* _YOUR GOAL_: Would you restate the data exactly as given?

○ ○ ○ ○ ○

(* Let $a_c>b_c>0$, $k_e>0$, $a_e^2=a_c^2+k_e$, $b_e^2=b_c^2+k_e$, let $c$ be the ellipse $x^2/a_c^2+y^2/b_c^2=1$ and $e$ the ellipse $x^2/a_e^2+y^2/b_e^2=1$. Let $P_1P_2\dots P_N$ be an $N$-sided periodic billiard in $e$ with caustic $c$, let $Q_i$ be the contact point of $[P_i,P_{i+1}]$ with $c$, and put $l_i=\overline{P_iQ_i}$, $r_i=\overline{P_iQ_{i-1}}$ (indices modulo $N$). If $N=2n$, then $r_{i+n}=r_i$ and $l_{i+n}=l_i$ for all $i$. If $N=2n+1$, then $r_{i+n}=l_{i-1}$ and $l_{i+n}=r_i$ for all $i$; consequently, for odd $N$, $$\sum_{i=1}^N l_i=\sum_{i=1}^N r_i=\frac{L_e}{2},$$ where $L_e=\sum_{i=1}^N\overline{P_iP_{i+1}}$ is the perimeter of the billiard.
   Context: A billiard in $e$ with caustic $c$ is a sequence $(P_i)_{i\in\mathbb Z}$ of points of $e$ with $P_{i+1}\neq P_i$ such that every line $[P_i,P_{i+1}]$ is tangent to $c$ and $[P_{i-1},P_i]\neq[P_i,P_{i+1}]$; it is $N$-sided periodic if $P_{i+N}=P_i$ for all $i$, $N$ being the least such positive integer. $\overline{XY}$ denotes Euclidean distance. *)

theory Defs
  imports "HOL-Analysis.Analysis"
begin

text \<open>Points of the plane are pairs of reals; dist on real * real is the Euclidean distance.\<close>

definition on_ellipse :: "real \<Rightarrow> real \<Rightarrow> real \<times> real \<Rightarrow> bool" where
  "on_ellipse a b X \<longleftrightarrow> (fst X)^2 / a^2 + (snd X)^2 / b^2 = 1"

definition line_through :: "real \<times> real \<Rightarrow> real \<times> real \<Rightarrow> (real \<times> real) set" where
  "line_through A B = {X. \<exists>t::real. X = A + t *\<^sub>R (B - A)}"

text \<open>A line is tangent to the (convex) ellipse at Q iff it meets the ellipse exactly in Q.\<close>
definition tangent_at :: "real \<Rightarrow> real \<Rightarrow> (real \<times> real) set \<Rightarrow> real \<times> real \<Rightarrow> bool" where
  "tangent_at a b L Q \<longleftrightarrow> L \<inter> {X. on_ellipse a b X} = {Q}"

definition is_tangent :: "real \<Rightarrow> real \<Rightarrow> (real \<times> real) set \<Rightarrow> bool" where
  "is_tangent a b L \<longleftrightarrow> (\<exists>Q. tangent_at a b L Q)"

definition billiard :: "real \<Rightarrow> real \<Rightarrow> real \<Rightarrow> real \<Rightarrow> (int \<Rightarrow> real \<times> real) \<Rightarrow> bool" where
  "billiard ae be ac bc P \<longleftrightarrow>
     (\<forall>i. on_ellipse ae be (P i)) \<and>
     (\<forall>i. P (i + 1) \<noteq> P i) \<and>
     (\<forall>i. is_tangent ac bc (line_through (P i) (P (i + 1)))) \<and>
     (\<forall>i. line_through (P (i - 1)) (P i) \<noteq> line_through (P i) (P (i + 1)))"

definition periodic_billiard :: "real \<Rightarrow> real \<Rightarrow> real \<Rightarrow> real \<Rightarrow> (int \<Rightarrow> real \<times> real) \<Rightarrow> nat \<Rightarrow> bool" where
  "periodic_billiard ae be ac bc P N \<longleftrightarrow>
     billiard ae be ac bc P \<and> N > 0 \<and> (\<forall>i. P (i + int N) = P i) \<and>
     (\<forall>m. 0 < m \<and> m < N \<longrightarrow> (\<exists>i. P (i + int m) \<noteq> P i))"

end

theory Submission
  imports Defs
begin

(* Parametrise the caustic by caustic_pt t = (ac cos t, bc sin t) and describe the billiard by
  the contact angles th_i of its segments: P_i is the intersection of the tangents at th_(i-1)
  and th_i, at tangent parameter T_i = tan((th_i - th_(i-1))/2) on both, so l_i = T_i speed(th_i)
  and r_i = T_i speed(th_(i-1)), where speed = |caustic_pt'| is pi-periodic.
  The step th_(i-1) |-> th_i is a map next_angle k depending only on the confocal ellipse, and
  implicit differentiation gives next_angle' = speed(next_angle) / speed.  Hence in the
  coordinate phase = integral of dt/speed, which satisfies phase(t + pi) = phase(t) + H, the map
  is a translation by some D, and closing up after N steps means N D = 2 m H.
  For N = 2n this gives th_(i+n) = th_i + m pi, so the lengths repeat after n steps.
  For N = 2n + 1 the angle th_(i+n) - m pi lies half a step D/2 after th_(i-1), and the
  confocal ellipse whose translation is D/2 interlaces the two orbits.  Two of its steps
  x, x', x'' combine by the tangent addition formula into
  tan((x'' - x)/2) = 2 kappa speed(x') / (alpha + beta - 1),
  which turns r_(i+n) into l_(i-1).  Summing l_i + r_(i+1) = |P_i P_(i+1)| gives the perimeter
  identity. *)

section \<open>Half-angle tangents and integer-indexed sequences\<close>

lemma cos_2arctan: "cos (2 * arctan T) = (1 - T^2) / (1 + T^2)"
proof -
  have "cos (2 * arctan T) = (cos (arctan T))^2 - (sin (arctan T))^2" by (simp add: cos_double)
  also have "\<dots> = (1 - T^2) / (1 + T^2)"
    unfolding cos_arctan sin_arctan by (simp add: power_divide diff_divide_distrib)
  finally show ?thesis .
qed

○ ○ ○ ○ ○

* _RESULT_:
(* Let $a_c>b_c>0$, $k_e>0$, $a_e^2=a_c^2+k_e$, $b_e^2=b_c^2+k_e$, let $c$ be the ellipse $x^2/a_c^2+y^2/b_c^2=1$ and $e$ the ellipse $x^2/a_e^2+y^2/b_e^2=1$. Let $P_1P_2\dots P_N$ be an $N$-sided periodic billiard in $e$ with caustic $c$, let $Q_i$ be the contact point of $[P_i,P_{i+1}]$ with $c$, and put $l_i=\overline{P_iQ_i}$, $r_i=\overline{P_iQ_{i-1}}$ (indices modulo $N$). If $N=2n$, then $r_{i+n}=r_i$ and $l_{i+n}=l_i$ for all $i$. If $N=2n+1$, then $r_{i+n}=l_{i-1}$ and $l_{i+n}=r_i$ for all $i$; consequently, for odd $N$, $$\sum_{i=1}^N l_i=\sum_{i=1}^N r_i=\frac{L_e}{2},$$ where $L_e=\sum_{i=1}^N\overline{P_iP_{i+1}}$ is the perimeter of the billiard.
   Context: A billiard in $e$ with caustic $c$ is a sequence $(P_i)_{i\in\mathbb Z}$ of points of $e$ with $P_{i+1}\neq P_i$ such that every line $[P_i,P_{i+1}]$ is tangent to $c$ and $[P_{i-1},P_i]\neq[P_i,P_{i+1}]$; it is $N$-sided periodic if $P_{i+N}=P_i$ for all $i$, $N$ being the least such positive integer. $\overline{XY}$ denotes Euclidean distance. *)

theory Defs
  imports "HOL-Analysis.Analysis"
begin

text \<open>Points of the plane are pairs of reals; dist on real * real is the Euclidean distance.\<close>

definition on_ellipse :: "real \<Rightarrow> real \<Rightarrow> real \<times> real \<Rightarrow> bool" where
  "on_ellipse a b X \<longleftrightarrow> (fst X)^2 / a^2 + (snd X)^2 / b^2 = 1"

definition line_through :: "real \<times> real \<Rightarrow> real \<times> real \<Rightarrow> (real \<times> real) set" where
  "line_through A B = {X. \<exists>t::real. X = A + t *\<^sub>R (B - A)}"

text \<open>A line is tangent to the (convex) ellipse at Q iff it meets the ellipse exactly in Q.\<close>
definition tangent_at :: "real \<Rightarrow> real \<Rightarrow> (real \<times> real) set \<Rightarrow> real \<times> real \<Rightarrow> bool" where
  "tangent_at a b L Q \<longleftrightarrow> L \<inter> {X. on_ellipse a b X} = {Q}"

definition is_tangent :: "real \<Rightarrow> real \<Rightarrow> (real \<times> real) set \<Rightarrow> bool" where
  "is_tangent a b L \<longleftrightarrow> (\<exists>Q. tangent_at a b L Q)"

definition billiard :: "real \<Rightarrow> real \<Rightarrow> real \<Rightarrow> real \<Rightarrow> (int \<Rightarrow> real \<times> real) \<Rightarrow> bool" where
  "billiard ae be ac bc P \<longleftrightarrow>
     (\<forall>i. on_ellipse ae be (P i)) \<and>
     (\<forall>i. P (i + 1) \<noteq> P i) \<and>
     (\<forall>i. is_tangent ac bc (line_through (P i) (P (i + 1)))) \<and>
     (\<forall>i. line_through (P (i - 1)) (P i) \<noteq> line_through (P i) (P (i + 1)))"

definition periodic_billiard :: "real \<Rightarrow> real \<Rightarrow> real \<Rightarrow> real \<Rightarrow> (int \<Rightarrow> real \<times> real) \<Rightarrow> nat \<Rightarrow> bool" where
  "periodic_billiard ae be ac bc P N \<longleftrightarrow>
     billiard ae be ac bc P \<and> N > 0 \<and> (\<forall>i. P (i + int N) = P i) \<and>
     (\<forall>m. 0 < m \<and> m < N \<longrightarrow> (\<exists>i. P (i + int m) \<noteq> P i))"

end

theory Submission
  imports Defs
begin

(* Parametrise the caustic by caustic_pt t = (ac cos t, bc sin t) and describe the billiard by
  the contact angles th_i of its segments: P_i is the intersection of the tangents at th_(i-1)
  and th_i, at tangent parameter T_i = tan((th_i - th_(i-1))/2) on both, so l_i = T_i speed(th_i)
  and r_i = T_i speed(th_(i-1)), where speed = |caustic_pt'| is pi-periodic.
  The step th_(i-1) |-> th_i is a map next_angle k depending only on the confocal ellipse, and
  implicit differentiation gives next_angle' = speed(next_angle) / speed.  Hence in the
  coordinate phase = integral of dt/speed, which satisfies phase(t + pi) = phase(t) + H, the map
  is a translation by some D, and closing up after N steps means N D = 2 m H.
  For N = 2n this gives th_(i+n) = th_i + m pi, so the lengths repeat after n steps.
  For N = 2n + 1 the angle th_(i+n) - m pi lies half a step D/2 after th_(i-1), and the
  confocal ellipse whose translation is D/2 interlaces the two orbits.  Two of its steps
  x, x', x'' combine by the tangent addition formula into
  tan((x'' - x)/2) = 2 kappa speed(x') / (alpha + beta - 1),
  which turns r_(i+n) into l_(i-1).  Summing l_i + r_(i+1) = |P_i P_(i+1)| gives the perimeter
  identity. *)

section \<open>Half-angle tangents and integer-indexed sequences\<close>

lemma cos_2arctan: "cos (2 * arctan T) = (1 - T^2) / (1 + T^2)"
proof -
  have "cos (2 * arctan T) = (cos (arctan T))^2 - (sin (arctan T))^2" by (simp add: cos_double)
  also have "\<dots> = (1 - T^2) / (1 + T^2)"
    unfolding cos_arctan sin_arctan by (simp add: power_divide diff_divide_distrib)
  finally show ?thesis .
qed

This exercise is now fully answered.